In order to form fecal coliform bacterial strains, the collected water samples were filtrated through a 0.45 μm pore size membrane filter. The filters were aseptically transferred to a dish containing agar Endo (BIOCORP) which is a medium specific for the isolation of fecal coliform. The filters were incubated for 24 h at 44 °C. Colonies with metal shine (Lac+) were identified as fecal coliform organisms. Back up was carried with the use of API 20 e tests. 44 strains were isolated from each water layer in both water basins and their antibiotic resistance was determined.

Antibiotic resistance of fecal coliform bacteria was determined by the single disc diffusion method according to the Bauer-Kriby (Arvanitidou et al., 1997). In order to determine the antibiotic resistance, bacteria were multiplied on H-M agar slants. After 72 h they were washed off the slants with sterile buffered water and the standard optical density of suspension was defined (Walczak & Donderski, 2004). Subsequently the bacterial suspension prepared in this way was introduced into dissolved M-H agar cooled to 40-45 °C. Paper discs impregnated with an antibiotic were applied to the surface of the seeded medium with the automatic disk dispenser. The blotting paper discs (Φ 13 mm) were manufactured by Oxoid Company. The dishes were kept at 4 °C for 1 h in order to allow antibiotic diffusion from the discs into the agar medium and then incubated at 26 °C for 48 h. The degree of resistance or sensitivity of the strains was determined on the basis of the measurements of lightened zones (in mm) around the disc and were compared with the data given by the manufacturer instructions.

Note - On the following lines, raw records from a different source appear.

(* Let $\alpha\in\mathbb R\setminus\{0\}$ and $\mathbf L=\mathbf a^2-\alpha^2\mathbf 1$ on $\mathcal H_a$. Define $\mathcal E^a_{\mathbf L}=\mathrm{Span}\{(\mathbf L^\dagger)^j|v\rangle\mid j\in\mathbb N,\ |v\rangle\in\ker\mathbf L\}$ and $\mathcal E^\sharp_{\mathbf L}=\mathrm{Span}\{(\mathbf L^\dagger)^j[\mathbf L,\mathbf L^\dagger]|v\rangle\mid j\in\mathbb N,\ |v\rangle\in\ker\mathbf L\}$. Then $\mathcal E^a_{\mathbf L}+\mathcal E^\sharp_{\mathbf L}$ is dense in $\mathcal H_a$.
   Context: $\mathcal H_a=L^2(\mathbb R,\mathbb C)$ with Fock basis $(|n\rangle)$, $\mathbf a=\frac1{\sqrt2}(x+\partial_x)$ the annihilation operator, $\mathbf a^\dagger$ the creation operator. $\ker\mathbf L$ is spanned by the coherent states $|\alpha\rangle,|-\alpha\rangle$, where $|z\rangle=e^{-|z|^2/2}\sum_n\frac{z^n}{\sqrt{n!}}|n\rangle$; these vectors lie in the domain of every polynomial in $\mathbf a,\mathbf a^\dagger$, so the expressions above are well defined, with $[\mathbf L,\mathbf L^\dagger]=\mathbf L\mathbf L^\dagger-\mathbf L^\dagger\mathbf L$. *)

theory Defs
  imports Complex_Main
begin

text \<open>H_a = L^2(R) is represented, via the unitary Fock-basis isomorphism, by
  l^2(N, C): a vector is its sequence of Fock coefficients (n-th entry = coefficient of |n>).\<close>

definition ell2 :: "(nat \<Rightarrow> complex) set" where
  "ell2 = {f. summable (\<lambda>n. (cmod (f n))^2)}"

text \<open>Annihilation operator: a|n> = sqrt n |n-1>, i.e. (a f)_n = sqrt(n+1) f_(n+1).\<close>
definition ann :: "(nat \<Rightarrow> complex) \<Rightarrow> nat \<Rightarrow> complex" where
  "ann f n = complex_of_real (sqrt (real (Suc n))) * f (Suc n)"

text \<open>Creation operator: a^dag|n> = sqrt(n+1) |n+1>, i.e. (a^dag f)_n = sqrt n f_(n-1).\<close>
definition cre :: "(nat \<Rightarrow> complex) \<Rightarrow> nat \<Rightarrow> complex" where
  "cre f n = (if n = 0 then 0 else complex_of_real (sqrt (real n)) * f (n - 1))"

definition Lop :: "real \<Rightarrow> (nat \<Rightarrow> complex) \<Rightarrow> nat \<Rightarrow> complex" where
  "Lop \<alpha> f = (\<lambda>n. ann (ann f) n - complex_of_real (\<alpha>^2) * f n)"

definition Ldag :: "real \<Rightarrow> (nat \<Rightarrow> complex) \<Rightarrow> nat \<Rightarrow> complex" where
  "Ldag \<alpha> f = (\<lambda>n. cre (cre f) n - complex_of_real (\<alpha>^2) * f n)"

definition commL :: "real \<Rightarrow> (nat \<Rightarrow> complex) \<Rightarrow> nat \<Rightarrow> complex" where
  "commL \<alpha> f = (\<lambda>n. Lop \<alpha> (Ldag \<alpha> f) n - Ldag \<alpha> (Lop \<alpha> f) n)"

definition kerL :: "real \<Rightarrow> (nat \<Rightarrow> complex) set" where
  "kerL \<alpha> = {v \<in> ell2. Lop \<alpha> v = (\<lambda>_. 0)}"

definition cspan :: "(nat \<Rightarrow> complex) set \<Rightarrow> (nat \<Rightarrow> complex) set" where
  "cspan S = {x. \<exists>F c. finite F \<and> F \<subseteq> S \<and> x = (\<lambda>n. \<Sum>v\<in>F. c v * v n)}"

definition Ea :: "real \<Rightarrow> (nat \<Rightarrow> complex) set" where
  "Ea \<alpha> = cspan {(Ldag \<alpha> ^^ j) v | j v. v \<in> kerL \<alpha>}"

definition Esharp :: "real \<Rightarrow> (nat \<Rightarrow> complex) set" where
  "Esharp \<alpha> = cspan {(Ldag \<alpha> ^^ j) (commL \<alpha> v) | j v. v \<in> kerL \<alpha>}"

definition setsum_fun :: "(nat \<Rightarrow> complex) set \<Rightarrow> (nat \<Rightarrow> complex) set \<Rightarrow> (nat \<Rightarrow> complex) set" where
  "setsum_fun A B = {(\<lambda>n. x n + y n) | x y. x \<in> A \<and> y \<in> B}"

definition dense_ell2 :: "(nat \<Rightarrow> complex) set \<Rightarrow> bool" where
  "dense_ell2 D \<longleftrightarrow> (\<forall>f\<in>ell2. \<forall>\<epsilon>>0. \<exists>g\<in>D.
      summable (\<lambda>n. (cmod (f n - g n))^2) \<and> (\<Sum>n. (cmod (f n - g n))^2) < \<epsilon>)"

end

theory Submission
  imports Defs "HOL-Library.Function_Algebras" "HOL-Analysis.Convex"
begin

text \<open>
  The commutator \<open>[L, L\<^sup>\<dagger>] = 4a\<^sup>\<dagger>a + 2\<close> is diagonal in the Fock basis, and
  the unnormalised coherent state \<open>c = e\<^bsup>\<alpha>a\<^sup>\<dagger>\<^esup>|0\<rangle> \<in> ker L\<close> satisfies
  \<open>a c = \<alpha> c\<close>, so \<open>[L, L\<^sup>\<dagger>] c = 4\<alpha> a\<^sup>\<dagger>c + 2c\<close> and, as \<open>\<alpha> \<noteq> 0\<close>, \<open>a\<^sup>\<dagger>c\<close> lies in
  \<open>E\<^sup>a + E\<^sup>#\<close>. This subspace is \<open>L\<^sup>\<dagger>\<close>-invariant and \<open>(a\<^sup>\<dagger>)\<^sup>2 = L\<^sup>\<dagger> + \<alpha>\<^sup>2\<close>, so it
  contains every \<open>(a\<^sup>\<dagger>)\<^sup>k c\<close>. Finally \<open>e\<^bsup>-\<alpha>a\<^sup>\<dagger>\<^esup>(a\<^sup>\<dagger>)\<^sup>m c = (a\<^sup>\<dagger>)\<^sup>m|0\<rangle> = \<surd>m! |m\<rangle>\<close>,
  and the partial sums of this exponential series converge in \<open>\<ell>\<^sup>2\<close>: the error of the
  \<open>N\<close>-th one in the coefficient of \<open>|n\<rangle>\<close> vanishes for \<open>n \<le> N\<close> and is bounded by the summable
  \<open>2\<^sup>m (8\<alpha>\<^sup>2)\<^bsup>n-m\<^esup> / (n-m)!\<close> otherwise. So every Fock vector, hence every
  \<open>\<ell>\<^sup>2\<close> vector, is a limit of elements of \<open>E\<^sup>a + E\<^sup>#\<close>.
\<close>

interpretation seq: module "\<lambda>c (f :: nat \<Rightarrow> complex) n. c * f n"
  by unfold_locales (auto simp: algebra_simps)

lemma sum_fun_apply: "sum f A x = (\<Sum>a\<in>A. f a x)"
  by (induction A rule: infinite_finite_induct) auto

lemma cspan_eq_span: "cspan S = seq.span S"
  unfolding cspan_def seq.span_explicit by (auto simp: sum_fun_apply fun_eq_iff)

lemma setsum_fun_span: "setsum_fun (seq.span A) (seq.span B) = seq.span (A \<union> B)"
  unfolding setsum_fun_def seq.span_Un by (auto simp: plus_fun_def)

lemma span_lincomb:
  assumes "\<And>k. k \<in> K \<Longrightarrow> v k \<in> seq.span S"
  shows "(\<lambda>n. \<Sum>k\<in>K. c k * v k n) \<in> seq.span S"
proof -
  have "(\<Sum>k\<in>K. (\<lambda>n. c k * v k n)) \<in> seq.span S"
    using assms by (intro seq.span_sum seq.span_scale)
  then show ?thesis by (simp add: sum_fun_apply[abs_def])
qed

lemma span_scale_add:
  assumes "x \<in> seq.span S" "y \<in> seq.span S"
  shows "(\<lambda>n. a * x n + b * y n) \<in> seq.span S"
  using seq.span_add[OF seq.span_scale[OF assms(1)] seq.span_scale[OF assms(2)]]
  by (simp add: plus_fun_def)

lemma span_invariant:
  assumes "module_hom s s T" "T ` S \<subseteq> S"
  shows "T ` module.span s S \<subseteq> module.span s S"
  using module_hom.span_image[OF assms(1)] module.span_mono[OF module_hom.axioms(1)[OF assms(1)] assms(2)]
  by simp

lemma truncation_sums:
  fixes a :: "nat \<Rightarrow> 'a::real_normed_vector"
  assumes "summable a"
  shows "(\<lambda>n. if M \<le> n then a n else 0) sums (suminf a - sum a {..<M})"
proof -
  have "(\<lambda>n. a n - (if n \<in> {..<M} then a n else 0)) sums (suminf a - sum a {..<M})"
    using assms by (intro sums_diff sums_If_finite_set) auto
  moreover have "(\<lambda>n. a n - (if n \<in> {..<M} then a n else 0)) = (\<lambda>n. if M \<le> n then a n else 0)"
    by (auto simp: fun_eq_iff)
  ultimately show ?thesis by simp
qed

lemma truncation_suminf_tendsto_zero:
  fixes a :: "nat \<Rightarrow> 'a::real_normed_vector"
  assumes "summable a"
  shows "(\<lambda>M. \<Sum>n. if M \<le> n then a n else 0) \<longlonglongrightarrow> 0"
proof -
  have "(\<lambda>M. suminf a - sum a {..<M}) \<longlonglongrightarrow> suminf a - suminf a"
    using assms by (intro tendsto_diff tendsto_const summable_LIMSEQ)
  then show ?thesis
    using sums_unique[OF truncation_sums[OF assms]] by simp
qed

lemma summable_sq_norm_sum_le:
  fixes x :: "'i \<Rightarrow> nat \<Rightarrow> 'a::real_normed_vector"
  assumes "finite K" "\<And>k. k \<in> K \<Longrightarrow> summable (\<lambda>n. (norm (x k n))^2)"
  shows "summable (\<lambda>n. (norm (\<Sum>k\<in>K. x k n))^2)"
    and "(\<Sum>n. (norm (\<Sum>k\<in>K. x k n))^2) \<le> card K * (\<Sum>k\<in>K. \<Sum>n. (norm (x k n))^2)"
proof -
  have pointwise: "(norm (\<Sum>k\<in>K. x k n))^2 \<le> card K * (\<Sum>k\<in>K. (norm (x k n))^2)" for n
  proof -
    have "(norm (\<Sum>k\<in>K. x k n))^2 \<le> (\<Sum>k\<in>K. norm (x k n))^2"
      by (intro power_mono norm_sum) simp
    also have "\<dots> \<le> card K * (\<Sum>k\<in>K. (norm (x k n))^2)"
      using sum_squared_le_sum_of_squares[of "\<lambda>k. norm (x k n)" K] by (simp add: mult.commute)
    finally show ?thesis .
  qed
  have bound: "summable (\<lambda>n. card K * (\<Sum>k\<in>K. (norm (x k n))^2))"
    using assms(2) by (intro summable_mult summable_sum)
  show summable: "summable (\<lambda>n. (norm (\<Sum>k\<in>K. x k n))^2)"
    using pointwise by (intro summable_comparison_test'[OF bound]) simp
  have "(\<Sum>n. (norm (\<Sum>k\<in>K. x k n))^2) \<le> (\<Sum>n. card K * (\<Sum>k\<in>K. (norm (x k n))^2))"
    using pointwise summable bound by (rule suminf_le)
  also have "\<dots> = card K * (\<Sum>k\<in>K. \<Sum>n. (norm (x k n))^2)"
    using assms(2) by (simp add: suminf_mult suminf_sum summable_sum)
  finally show "(\<Sum>n. (norm (\<Sum>k\<in>K. x k n))^2) \<le> card K * (\<Sum>k\<in>K. \<Sum>n. (norm (x k n))^2)" .
qed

Susceptibility tests followed NCCLS (2000) breakpoints. Strains showing resistance or intermediate behavior were subsumed under the category resistance. All others strains were classified as sensitive. The following eighteen antibiotics used widely in the clinical practice (their concentration given in parentheses) were tested in antibiograms: amikacin (AK, 30 µg), amoxicillin (AX, 25 µg), amoxicillin/clavulanic acid (AXC, 20/10 µg), ampicillin (AM, 10 µg), cefaclor (CEC, 30 µg), cefuroxime (CXM, 30 µg), chloram-phenicol (C, 30 µg), ciprofloxacin (CIP, 5 µg) clarithromycin (CLR, 15 µg), clindamycin (CA, 2 µg), doxycycline (DO, 30 µg), erythromycin (E, 15 µg), gentamycin (GN, 10 µg), neomycin (N, 30 µg), novobiocin (NV, 30 µg), oxytetracycline (OT, 30 µg), penicillin (P, 10 µg), rifampicin (RA, 5 µg). The results were used to calculate the Antibiotic Resistance Index (ARI) and Multiple Antibiotic Resistance (MAR) index for bacteria according to Matyar et al. (2007).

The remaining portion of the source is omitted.